Python Script (pingpong_mpi4py.py)

pingpong_mpi4py.py
#!/usr/bin/env python3
from mpi4py import MPI
import numpy as np
import sys
 
comm = MPI.COMM_WORLD
rank = comm.Get_rank()
size = comm.Get_size()
 
if size != 2:
    if rank == 0:
        print("Need exactly 2 processes!")
    sys.exit(1)
 
partner = 1 - rank
 
nrounds = 100
msg_sizes = [1, 8, 64, 512, 1024, 4096, 16384, 65536, 262144]
 
for nbytes in msg_sizes:
    nelems = max(1, nbytes // np.dtype(np.uint8).itemsize)
 
    sendbuf = np.zeros(nelems, dtype=np.uint8)
    recvbuf = np.empty(nelems, dtype=np.uint8)
 
    comm.Barrier()
 
    t0 = MPI.Wtime()
 
    for i in range(nrounds):
        if rank == 0:
            comm.Send(sendbuf, dest=partner, tag=100)
            comm.Recv(recvbuf, source=partner, tag=200)
        else:
            comm.Recv(recvbuf, source=partner, tag=100)
            comm.Send(recvbuf, dest=partner, tag=200)
 
    t1 = MPI.Wtime()
 
    if rank == 0:
        total_time = t1 - t0
        avg_rtt = total_time / nrounds
        latency_us = (avg_rtt / 2.0) * 1.0e6
        bandwidth_mb_s = nbytes / latency_us
 
        print(
            f"size={nbytes:8d} bytes | "
            f"RTT={avg_rtt*1.0e6:10.2f} us | "
            f"latency={latency_us:10.2f} us | "
            f"bandwidth={bandwidth_mb_s:10.2f} MB/s"
        )
 
if rank == 0:
    print("Ping-pong benchmark completed.")

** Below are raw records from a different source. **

lemma power_diff_upper:
  fixes x y M :: real
  assumes "\<bar>x\<bar> \<le> M" "\<bar>y\<bar> \<le> M"
  shows "\<bar>x^N - y^N\<bar> \<le> real N * M^(N-1) * \<bar>x - y\<bar>"
proof -
  have M: "0 \<le> M" using assms(1) by linarith
  have "\<bar>(\<Sum>i<N. y^(N - Suc i) * x^i)\<bar> \<le> (\<Sum>i<N. \<bar>y\<bar>^(N - Suc i) * \<bar>x\<bar>^i)"
    by (rule order_trans[OF sum_abs]) (simp add: abs_mult power_abs)
  also have "\<dots> \<le> (\<Sum>i<N. M^(N - Suc i) * M^i)"
    by (intro sum_mono mult_mono power_mono) (use assms M in auto)
  also have "\<dots> = real N * M^(N-1)"
    by (simp add: power_add[symmetric])
  finally have "\<bar>(\<Sum>i<N. y^(N - Suc i) * x^i)\<bar> \<le> real N * M^(N-1)" .
  then show ?thesis
    unfolding power_diff_sumr2[of x N y] abs_mult
    by (metis abs_ge_zero mult.commute mult_left_mono)
qed

text \<open>Reverse bound for x^N on [m,\<infinity>), m \<ge> 0: the power is expanding with rate N m^(N-1).
  This is what controls the degeneracy of the flux (-v')^N where v' is small.\<close>

lemma power_diff_lower:
  fixes x y m :: real
  assumes "m \<le> x" "m \<le> y" "0 \<le> m"
  shows "real N * m^(N-1) * \<bar>x - y\<bar> \<le> \<bar>x^N - y^N\<bar>"
proof -
  have "real N * m^(N-1) = (\<Sum>i<N. m^(N - Suc i) * m^i)"
    by (simp add: power_add[symmetric])
  also have "\<dots> \<le> (\<Sum>i<N. y^(N - Suc i) * x^i)"
    by (intro sum_mono mult_mono power_mono) (use assms in auto)
  also have "\<dots> \<le> \<bar>\<Sum>i<N. y^(N - Suc i) * x^i\<bar>" by simp
  finally have "real N * m^(N-1) \<le> \<bar>\<Sum>i<N. y^(N - Suc i) * x^i\<bar>" .
  then show ?thesis
    unfolding power_diff_sumr2[of x N y] abs_mult
    by (metis abs_ge_zero mult.commute mult_right_mono)
qed

lemma stepwise_extension:
  fixes P :: "real \<Rightarrow> bool"
  assumes h: "0 < h" and T: "0 \<le> T" and P0: "P 0"
    and step: "\<And>a. 0 \<le> a \<Longrightarrow> a < T \<Longrightarrow> \<forall>x\<in>{0..a}. P x \<Longrightarrow> \<forall>x\<in>{0..min T (a + h)}. P x"
  shows "\<forall>x\<in>{0..T}. P x"
proof -
  have upto: "\<forall>x\<in>{0..min T (real n * h)}. P x" for n
  proof (induction n)
    case 0
    then show ?case using P0 T by auto
  next
    case (Suc n)
    show ?case
    proof (cases "T \<le> real n * h")
      case True
      then have "min T (real (Suc n) * h) = min T (real n * h)" using h by (simp add: algebra_simps)
      then show ?thesis using Suc by simp
    next
      case False
      have IH: "\<forall>x\<in>{0..real n * h}. P x" using Suc False by (simp add: min_def)
      have "\<forall>x\<in>{0..min T (real n * h + h)}. P x"
        by (rule step[OF _ _ IH]) (use False h in auto)
      then show ?thesis by (simp add: algebra_simps)
    qed
  qed
  obtain n where "T < real n * h" using ex_less_of_nat_mult[OF h] by blast
  then have "min T (real n * h) = T" by simp
  then show ?thesis using upto[of n] by simp
qed

text \<open>Indeed, by the mean value theorem on [a,t], sup |d| \<le> (b - a) K sup |d| on [0,b].\<close>

lemma vanishing_step:
  fixes d d' :: "real \<Rightarrow> real"
  assumes cont: "continuous_on {0..b} d" and a: "0 \<le> a" "a < b" "\<forall>x\<in>{0..a}. d x = 0"
    and der: "\<And>x. x \<in> {a<..<b} \<Longrightarrow> (d has_real_derivative d' x) (at x)"
    and K: "0 \<le> K" and short: "(b - a) * K < 1"
    and bound: "\<And>E s. \<forall>t\<in>{0..b}. \<bar>d t\<bar> \<le> E \<Longrightarrow> s \<in> {a<..<b} \<Longrightarrow> \<bar>d' s\<bar> \<le> K * E"
  shows "\<forall>t\<in>{0..b}. d t = 0"
proof -
  have "continuous_on {0..b} (\<lambda>t. \<bar>d t\<bar>)" using cont by (intro continuous_intros)
  moreover have "{0..b} \<noteq> {}" using a by simp
  ultimately obtain t0 where t0: "t0 \<in> {0..b}" "\<forall>t\<in>{0..b}. \<bar>d t\<bar> \<le> \<bar>d t0\<bar>"
    using continuous_attains_sup[OF compact_Icc] by blast
  define E where "E = \<bar>d t0\<bar>"
  have small: "\<bar>d t\<bar> \<le> (b - a) * K * E" if t: "t \<in> {0..b}" for t
  proof (cases "t \<le> a")
    case True
    then show ?thesis using a t K by (simp add: E_def)
  next
    case False
    have ct: "continuous_on {a..t} d" by (rule continuous_on_subset[OF cont]) (use a t in auto)
    have dt: "(d has_real_derivative d' x) (at x)" if "x \<in> {a<..<t}" for x
      using that t by (intro der) auto
    obtain \<xi> where \<xi>: "\<xi> \<in> {a<..<t}" and incr: "d t - d a = (t - a) * d' \<xi>"
      by (rule mvt_real[of a t d d', OF _ ct dt]) (use False in simp_all)
    have "\<bar>d' \<xi>\<bar> \<le> K * E" by (rule bound) (use t0(2) \<xi> t in \<open>auto simp: E_def\<close>)
    moreover have "d a = 0" using a by simp
    ultimately have "\<bar>d t\<bar> \<le> (t - a) * (K * E)"
      using incr False by (simp add: abs_mult mult_left_mono)
    also have "\<dots> \<le> (b - a) * (K * E)" using t K by (intro mult_right_mono) (auto simp: E_def)
    finally show ?thesis by (simp add: mult.assoc)
  qed
  have "E \<le> ((b - a) * K) * E" using small[OF t0(1)] by (simp add: E_def)
  then have "(1 - (b - a) * K) * E \<le> 0" by (simp add: algebra_simps)
  moreover have "0 \<le> E" by (simp add: E_def)
  ultimately have "E = 0" using short by (auto simp: mult_le_0_iff)
  then show ?thesis using t0(2) unfolding E_def by auto
qed

lemma zero_by_derivative_bound:
  fixes d d' :: "real \<Rightarrow> real"
  assumes T: "0 \<le> T" and cont: "continuous_on {0..T} d" and d0: "d 0 = 0"
    and der: "\<And>x. x \<in> {0<..<T} \<Longrightarrow> (d has_real_derivative d' x) (at x)"
    and K: "0 \<le> K"
    and bound: "\<And>b E s. b \<in> {0<..T} \<Longrightarrow> \<forall>t\<in>{0..b}. \<bar>d t\<bar> \<le> E \<Longrightarrow> s \<in> {0<..<b}
                  \<Longrightarrow> \<bar>d' s\<bar> \<le> K * E"
  shows "\<forall>t\<in>{0..T}. d t = 0"
proof -
  define h where "h = 1 / (K + 1)"
  have h: "0 < h" "h * K < 1" using K unfolding h_def by (auto simp: field_simps)
  show ?thesis
  proof (rule stepwise_extension[OF h(1) T, of "\<lambda>t. d t = 0"])
    fix a assume a: "0 \<le> a" "a < T" "\<forall>x\<in>{0..a}. d x = 0"
    define b where "b = min T (a + h)"
    have b: "a < b" "b \<le> T" "b - a \<le> h" using a h unfolding b_def by auto
    have "(b - a) * K \<le> h * K" using b(3) K by (rule mult_right_mono)
    then have short: "(b - a) * K < 1" using h(2) by linarith
    have "\<forall>t\<in>{0..b}. d t = 0"
    proof (rule vanishing_step[OF _ a(1) b(1) a(3) _ K short])
      show "continuous_on {0..b} d" by (rule continuous_on_subset[OF cont]) (use b in auto)
      show "(d has_real_derivative d' x) (at x)" if "x \<in> {a<..<b}" for x
        using that a b by (intro der) auto
      show "\<bar>d' s\<bar> \<le> K * E" if "\<forall>t\<in>{0..b}. \<bar>d t\<bar> \<le> E" "s \<in> {a<..<b}" for E s
        by (rule bound) (use that a b in auto)
    qed
    then show "\<forall>x\<in>{0..min T (a + h)}. d x = 0" unfolding b_def .
  qed (use d0 in simp)
qed

text \<open>The initial value problem behind (B2): f solves ((-f')^N)' = lam^N N r^(N-1) f^N on (0,T),
  with f \<in> C^1[0,T] and f'(0) = 0.  The derivative f' is carried along explicitly; no boundary
  condition is imposed at T, so solutions can be restricted, rescaled and compared on any [0,T].\<close>

definition radial_sol :: "nat \<Rightarrow> real \<Rightarrow> real \<Rightarrow> (real \<Rightarrow> real) \<Rightarrow> (real \<Rightarrow> real) \<Rightarrow> bool" where
  "radial_sol N lam T f f' \<longleftrightarrow> 0 < T \<and>
     (\<forall>x\<in>{0..T}. (f has_real_derivative f' x) (at x within {0..T})) \<and>
     continuous_on {0..T} f' \<and>
     (\<forall>r\<in>{0<..<T}. ((\<lambda>t. (- f' t) ^ N) has_real_derivative
                         (lam ^ N * real N * r ^ (N - 1) * f r ^ N)) (at r)) \<and>
     f' 0 = 0"

lemma B2_solution_imp_radial_sol:
  assumes "B2_solution N lam v"
  obtains v' where "radial_sol N lam 1 v v'" "v 1 = 0"
proof -
  obtain v' v'' where d: "\<forall>x\<in>{0..1}. (v has_real_derivative v' x) (at x within {0..1}) \<and>
                     (v' has_real_derivative v'' x) (at x within {0..1})"
    and flux: "\<forall>r\<in>{0<..<1}. ((\<lambda>t. (- v' t) ^ N) has_real_derivative
                         (lam ^ N * real N * r ^ (N - 1) * (v r) ^ N)) (at r)"
    and v'0: "v' 0 = 0" and v1: "v 1 = 0"
    using assms unfolding B2_solution_def by blast
  have "continuous_on {0..1} v'"
    unfolding continuous_on_eq_continuous_within using d DERIV_continuous by blast
  then have "radial_sol N lam 1 v v'" using d flux v'0 unfolding radial_sol_def by simp
  then show ?thesis using that v1 by blast
qed

lemma radial_sol_restrict:
  assumes S: "radial_sol N lam T f f'" and T': "0 < T'" "T' \<le> T"
  shows "radial_sol N lam T' f f'"
proof -
  have sub: "{0..T'} \<subseteq> {0..T}" using T' by simp
  have "(f has_real_derivative f' x) (at x within {0..T'})" if "x \<in> {0..T'}" for x
    using S that sub unfolding radial_sol_def by (blast intro: DERIV_subset)
  moreover have "continuous_on {0..T'} f'"
    using S sub unfolding radial_sol_def by (blast intro: continuous_on_subset)
  ultimately show ?thesis using S T' unfolding radial_sol_def by auto
qed

lemma radial_sol_cont: "radial_sol N lam T f f' \<Longrightarrow> continuous_on {0..T} f"
  unfolding radial_sol_def continuous_on_eq_continuous_within using DERIV_continuous by blast

lemma radial_sol_deriv_cont: "radial_sol N lam T f f' \<Longrightarrow> continuous_on {0..T} f'"
  unfolding radial_sol_def by blast

lemma radial_sol_deriv:
  assumes "radial_sol N lam T f f'" "x \<in> {0<..<T}"
  shows "(f has_real_derivative f' x) (at x)"
proof -
  have "(f has_real_derivative f' x) (at x within {0..T})"
    using assms unfolding radial_sol_def by auto
  moreover have "at x within {0..T} = at x" using assms(2) by (intro at_within_Icc_at) auto
  ultimately show ?thesis by simp
qed

lemma radial_sol_flux_cont:
  "radial_sol N lam T f f' \<Longrightarrow> continuous_on {0..T} (\<lambda>t. (- f' t) ^ N)"
  by (intro continuous_intros radial_sol_deriv_cont)

lemma radial_sol_flux_deriv:
  "radial_sol N lam T f f' \<Longrightarrow> r \<in> {0<..<T} \<Longrightarrow>
     ((\<lambda>t. (- f' t) ^ N) has_real_derivative lam ^ N * real N * r ^ (N - 1) * f r ^ N) (at r)"
  unfolding radial_sol_def by blast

Slurm Job Script (slurm_pingpong.job)

slurm_pingpong.job
#!/bin/bash
#SBATCH --job-name=pingpong_mpi4py
#SBATCH --partition=unite
#SBATCH --nodes=2
#SBATCH --ntasks-per-node=1
#SBATCH --cpus-per-task=1
#SBATCH --time=00:01:00
#SBATCH --output=pingpong_%j.out
 
module purge
#Load necessary modules
module add unite/python/3.14/mpi4py
 
#Start the example
mpirun -np $SLURM_NTASKS python3 ./pingpong_mpi4py.py

Run

sbatch slurm_pingpong.job

Example output

Loading unite/python/3.14/mpi4py
  Loading requirement: unite/python/3.14/python-3.14.0 unite/mpi/4.1
 
size=       1 bytes | RTT=     10.08 us | latency=      5.04 us | bandwidth=      0.20 MB/s
size=       8 bytes | RTT=      3.80 us | latency=      1.90 us | bandwidth=      4.21 MB/s
size=      64 bytes | RTT=      4.49 us | latency=      2.24 us | bandwidth=     28.54 MB/s
size=     512 bytes | RTT=     27.33 us | latency=     13.66 us | bandwidth=     37.47 MB/s
size=    1024 bytes | RTT=      6.46 us | latency=      3.23 us | bandwidth=    317.16 MB/s
size=    4096 bytes | RTT=      8.90 us | latency=      4.45 us | bandwidth=    920.86 MB/s
size=   16384 bytes | RTT=     15.53 us | latency=      7.77 us | bandwidth=   2109.61 MB/s
size=   65536 bytes | RTT=     29.86 us | latency=     14.93 us | bandwidth=   4390.07 MB/s
size=  262144 bytes | RTT=     72.79 us | latency=     36.40 us | bandwidth=   7202.47 MB/s
Ping-pong benchmark completed.